Source data ::
(* Let $u\in\mathcal{F}_\mathrm{e}$ and let $u=u_1+u_2$ with $u_1\in\mathcal{F}^{(s)}_\mathrm{e}$ and $u_2\in\mathcal{G}^{(s)}$. Then $u'=u_2'$ a.e. on $F$.
   Context: Let $m$ be Lebesgue measure. $(\mathcal{E},\mathcal{F})=(\frac12\mathbf{D},H^1(\mathbf{R}))$, $\mathcal{E}(u,v)=\frac12\int u'v'dx$, with extended space $\mathcal{F}_\mathrm{e}=\{u\text{ absolutely continuous},\ u'\in L^2(\mathbf{R})\}$. Let $s$ be strictly increasing, absolutely continuous, with $s'\in\{0,1\}$ a.e. Let $(\mathcal{E}^{(s)},\mathcal{F}^{(s)})$ be given by $\mathcal{F}^{(s)}=\{u\in L^2:u\ll s,\int(du/ds)^2ds<\infty\}$ and $\mathcal{E}^{(s)}(u,v)=\frac12\int\frac{du}{ds}\frac{dv}{ds}ds$, with extended space $\mathcal{F}^{(s)}_\mathrm{e}=\{u\ll s:\int(du/ds)^2ds<\infty,\ u(\infty)=0\text{ if }s(\infty)<\infty,\ u(-\infty)=0\text{ if }s(-\infty)>-\infty\}$. Let $G=\{s'=1\}$, $F=\mathbf{R}\setminus G$, and assume $G$ is open, $m(F)>0$ and $F$ has no isolated points. Define $\mathcal{G}^{(s)}=\{u\in\mathcal{F}_\mathrm{e}:\mathcal{E}(u,v)=0\ \forall v\in\mathcal{F}^{(s)}_\mathrm{e}\}$. *)

theory Defs
  imports "HOL-Analysis.Analysis"
begin

definition abs_cont_on :: "real \<Rightarrow> real \<Rightarrow> (real \<Rightarrow> real) \<Rightarrow> bool" where
  "abs_cont_on a b u \<longleftrightarrow>
     (\<forall>e>0. \<exists>d>0. \<forall>I :: (real \<times> real) set.
        finite I \<longrightarrow> (\<forall>(x, y)\<in>I. a \<le> x \<and> x \<le> y \<and> y \<le> b) \<longrightarrow>
        disjoint_family_on (\<lambda>(x, y). {x<..<y}) I \<longrightarrow>
        (\<Sum>(x, y)\<in>I. y - x) < d \<longrightarrow> (\<Sum>(x, y)\<in>I. \<bar>u y - u x\<bar>) < e)"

Your assignment ::
Go through the entries and return each line where the word "with" appears.

Solved problem ::
(* Let $u\in\mathcal{F}_\mathrm{e}$ and let $u=u_1+u_2$ with $u_1\in\mathcal{F}^{(s)}_\mathrm{e}$ and $u_2\in\mathcal{G}^{(s)}$. Then $u'=u_2'$ a.e. on $F$.
   Context: Let $m$ be Lebesgue measure. $(\mathcal{E},\mathcal{F})=(\frac12\mathbf{D},H^1(\mathbf{R}))$, $\mathcal{E}(u,v)=\frac12\int u'v'dx$, with extended space $\mathcal{F}_\mathrm{e}=\{u\text{ absolutely continuous},\ u'\in L^2(\mathbf{R})\}$. Let $s$ be strictly increasing, absolutely continuous, with $s'\in\{0,1\}$ a.e. Let $(\mathcal{E}^{(s)},\mathcal{F}^{(s)})$ be given by $\mathcal{F}^{(s)}=\{u\in L^2:u\ll s,\int(du/ds)^2ds<\infty\}$ and $\mathcal{E}^{(s)}(u,v)=\frac12\int\frac{du}{ds}\frac{dv}{ds}ds$, with extended space $\mathcal{F}^{(s)}_\mathrm{e}=\{u\ll s:\int(du/ds)^2ds<\infty,\ u(\infty)=0\text{ if }s(\infty)<\infty,\ u(-\infty)=0\text{ if }s(-\infty)>-\infty\}$. Let $G=\{s'=1\}$, $F=\mathbf{R}\setminus G$, and assume $G$ is open, $m(F)>0$ and $F$ has no isolated points. Define $\mathcal{G}^{(s)}=\{u\in\mathcal{F}_\mathrm{e}:\mathcal{E}(u,v)=0\ \forall v\in\mathcal{F}^{(s)}_\mathrm{e}\}$. *)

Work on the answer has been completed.